Contrasts with Diffusion-Based Approaches

Diffusion models (and their deterministic ODE analogues) require simulating discretized SDEs along a fine partition indexed by the target error, leading to complexity scaling at least linearly in $d$ and polynomially in $1/\varepsilon$. The proposed modular approach, by using “large steps” allowed by SLC guarantees at each backward transition, decouples the number of trajectory steps $K$ from accuracy $\varepsilon$, facilitating:

• $\sqrt{d}$-dependence (matching best known for SLC sampling, and superior to prior score-diffusion results).
• Poly-logarithmic dependence on $1/\varepsilon$ rather than polynomial.
• For SLC targets, logarithmic dependence in condition number (versus polynomial for SLC methods and diffusion models).

The method thus contradicts established lower bounds for SLC sampling that only use first-order access to the original target, by crucially leveraging access to the entire sequence of annealed Stein scores.

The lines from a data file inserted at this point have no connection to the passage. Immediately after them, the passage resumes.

lemma candidate_score_arith_shared:
  fixes N k g s1 s2 c :: real
  assumes "0 \<le> k" "k \<le> N" "s1 \<le> 4*N/3 * k" "s1 \<le> 4*N/3 * g" "3 * g \<le> N + 2"
     "s2 \<le> (N - k) * (4*N/3+1)" "c \<le> k^2 + (N - k)"
  shows "s1 + s2 + c \<le> 13/9*N^2 + 4*N + 1"
proof (cases "3 * k \<le> N + 2")
  case True
  have "13/9*N^2 + 4*N + 1 - (4*N/3 * k + (N - k) * (4*N/3+1) + (k^2 + (N - k)))
      = k * (N + 2 - 3 * k) / 3 + N * (N + 2 - 3 * k) / 9 + 16*N/9 + 1 + 4*k/3"
    by (simp add: field_simps power2_eq_square)
  moreover have "0 \<le> k * (N + 2 - 3 * k) / 3 + N * (N + 2 - 3 * k) / 9 + 16*N/9 + 1 + 4*k/3"
    using True assms(1,2) by (intro add_nonneg_nonneg mult_nonneg_nonneg divide_nonneg_nonneg) auto
  ultimately show ?thesis
    using assms(3,6,7) by linarith
next
  case False
  have "4*N/3 * g \<le> 4*N/3 * ((N + 2) / 3)"
    using assms(1,2,5) by (intro mult_left_mono) auto
  moreover have "13/9*N^2 + 4*N + 1 - (4*N/3 * ((N + 2) / 3) + (N - k) * (4*N/3+1) + (k^2 + (N - k)))
      = (3 * k - (N + 2)) * (N - k) / 3 + 16*N/9 + 4*k/3 + 1"
    by (simp add: field_simps power2_eq_square)
  moreover have "0 \<le> (3 * k - (N + 2)) * (N - k) / 3 + 16*N/9 + 4*k/3 + 1"
    using False assms(1,2) by (intro add_nonneg_nonneg mult_nonneg_nonneg divide_nonneg_nonneg) auto
  ultimately show ?thesis
    using assms(4,6,7) by linarith
qed

lemma assignment_score_arith:
  fixes N m s1 s2 c :: real
  assumes "0 \<le> m" "m \<le> N" "s1 \<le> (4*N/3+1) * m" "s1 \<le> (4*N/3+1) * ((N + 2) / 3)"
    "s2 \<le> (4*N/3+1) * (N - m)" "c \<le> m * N"
  shows "s1 + s2 + c \<le> 5/3*N^2 + 5*N + 5"
proof (cases "3 * m \<le> N")
  case True
  have "5/3*N^2 + 5*N + 5 - ((4*N/3+1) * m + (4*N/3+1) * (N - m) + m * N) = N * (N - 3 * m) / 3 + 4*N + 5"
    by (simp add: field_simps power2_eq_square)
  moreover have "0 \<le> N * (N - 3 * m) / 3 + 4*N + 5"
    using True assms(1,2) by (intro add_nonneg_nonneg mult_nonneg_nonneg divide_nonneg_nonneg) auto
  ultimately show ?thesis
    using assms(3,5,6) by linarith
next
  case False
  have "5/3*N^2 + 5*N + 5 - ((4*N/3+1) * ((N + 2) / 3) + (4*N/3+1) * (N - m) + m * N)
      = N * (3 * m - N) / 9 + 25*N/9 + m + 13/3"
    by (simp add: field_simps power2_eq_square)
  moreover have "0 \<le> N * (3 * m - N) / 9 + 25*N/9 + m + 13/3"
    using False assms(1,2) by (intro add_nonneg_nonneg mult_nonneg_nonneg divide_nonneg_nonneg) auto
  ultimately show ?thesis
    using assms(4,5,6) by linarith
qed

lemma sum_cnt_sq_tight_candidate_le:
  assumes run: "valid_run n (tight_values n) (tight_potential n) a sig b"
    and a: "a \<in> tight_values n" and k: "k \<le> n"
  shows "(\<Sum>v\<in>tight_values n. real (cnt n (formed a sig b k) v)^2) \<le> real k^2 + (real n - real k)"
proof -
  have other: "\<forall>j<n. b j \<in> tight_values n - {a}"
    using run by (simp add: valid_run_def)
  have bij: "bij_betw sig {0..<n} {0..<n}"
    using run by (simp add: valid_run_def)
  have "\<forall>j<n. formed a sig b k j \<in> tight_values n"
    using a other by (simp add: formed_def)
  then show ?thesis
    using sum_cnt_sq_le[of "tight_values n" n "formed a sig b k" a 1] a
      cnt_formed_chosen[OF bij _ k] cnt_formed_other_le_1[OF tight_run_other_inj[OF run]] other
    by simp
qed

lemma score_tight_candidate_le:
  assumes run: "valid_run n (tight_values n) (tight_potential n) a sig b"
    and a: "a \<in> tight_values n" and k: "1 \<le> k" "k \<le> n"
  shows "score n (tight_values n) (tight_potential n) 1 (formed a sig b k) \<le> 13/9 * real n^2 + 4 * real n + 1"
proof -
  define S where "S = sig ` {0..<k}"
  have bij: "bij_betw sig {0..<n} {0..<n}"
    using run by (simp add: valid_run_def)
  have S: "S \<subseteq> {..<n}" "card S = k"
    using k bij_betw_imp_surj_on[OF bij] inj_on_subset[OF bij_betw_imp_inj_on[OF bij]]
    by (auto simp: S_def card_image)
  have "(\<Sum>j\<in>{..<n} - S. tight_potential n j (b j)) \<le> real (card ({..<n} - S)) * (4 * real n / 3 + 1)"
    by (rule sum_bounded_above) (rule tight_potential_le)
  then have rest: "(\<Sum>j\<in>{..<n} - S. tight_potential n j (b j)) \<le> (real n - real k) * (4 * real n / 3 + 1)"
    using S k by (simp add: card_Diff_subset finite_subset)
  have chosen: "(\<Sum>j\<in>S. tight_potential n j a) \<le> (\<Sum>j<n. tight_potential n j a)"
    using S by (intro sum_mono2) (auto simp: tight_potential_nonneg)
  have score: "score n (tight_values n) (tight_potential n) 1 (formed a sig b k) =
      (\<Sum>j\<in>S. tight_potential n j a) + (\<Sum>j\<in>{..<n} - S. tight_potential n j (b j))
      + (\<Sum>v\<in>tight_values n. real (cnt n (formed a sig b k) v)^2)"
    unfolding score_def S_def using sum_potential_formed[OF S(1)[unfolded S_def]] by simp
  note counts = sum_cnt_sq_tight_candidate_le[OF run a k(2)]
  show ?thesis
  proof (cases "a < 3")
    case True
    have "(\<Sum>j\<in>S. tight_potential n j a) \<le> real (card S) * (4 * real n / 3)"
      using True by (intro sum_bounded_above) (auto simp: tight_potential_def)
    moreover note chosen sum_tight_potential_shared[OF True, of n]
      card_residue_class_3_approx[OF True, of n]
    ultimately show ?thesis
      unfolding score using S(2) k rest counts
      by (intro candidate_score_arith_shared[where g = "real (card {j \<in> {0..<n}. j mod 3 = a})"])
        (auto simp: mult.commute)
  next
    case False
    then show ?thesis
      unfolding score using chosen sum_tight_potential_private[of a n] k rest counts
      by (intro candidate_score_arith_private) auto
  qed
qed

Open Questions and Future Directions

• Accuracy with Estimated Scores: The analysis assumes access to exact (possibly learned) annealed scores; a pressing direction is incorporation of error due to score estimation as in empirical score-based diffusion.
• Beyond SLC Reductions: Extending the modular approach to smoother, but not necessarily SLC, sub-problems (e.g., log-Sobolev or Poincaré class) could further enhance generality and reduce worst-case dependence on domain smoothness.
• Adaptivity to Low-Dimensional Structure: Recent literature on diffusion models for manifolds and low-dimensional phenomena prompts adapting the reduction to exploit effective/intrinsic rather than ambient dimension.
• Optimizing Trajectory Lengths: The worst-case scaling with quadratic dependence on bounds (e.g., $R^2/\delta^2$ in multimodal case) is likely improvable. Whether poly-logarithmic dependence on both spread and accuracy can be achieved remains open.
• Practical Implementability: Although the theoretical framework is “black-box” and modular, computational tractability with learned or approximate scores, and practical performance in high-dimensional applications, are open for detailed empirical investigation.

Conclusion

This work rigorously establishes a reduction from complex score-based sampling to a sequence of SLC sampling problems under mild conditions, improving iteration complexity with respect to both dimension and error precision. The framework transforms a core aspect of generative modeling and MCMC via a modular, theoretically robust mechanism that steps away from trajectory-discretized SDE simulation, opening a path toward more scalable and adaptable sampling algorithms in probabilistic inference and AI (2512.24152).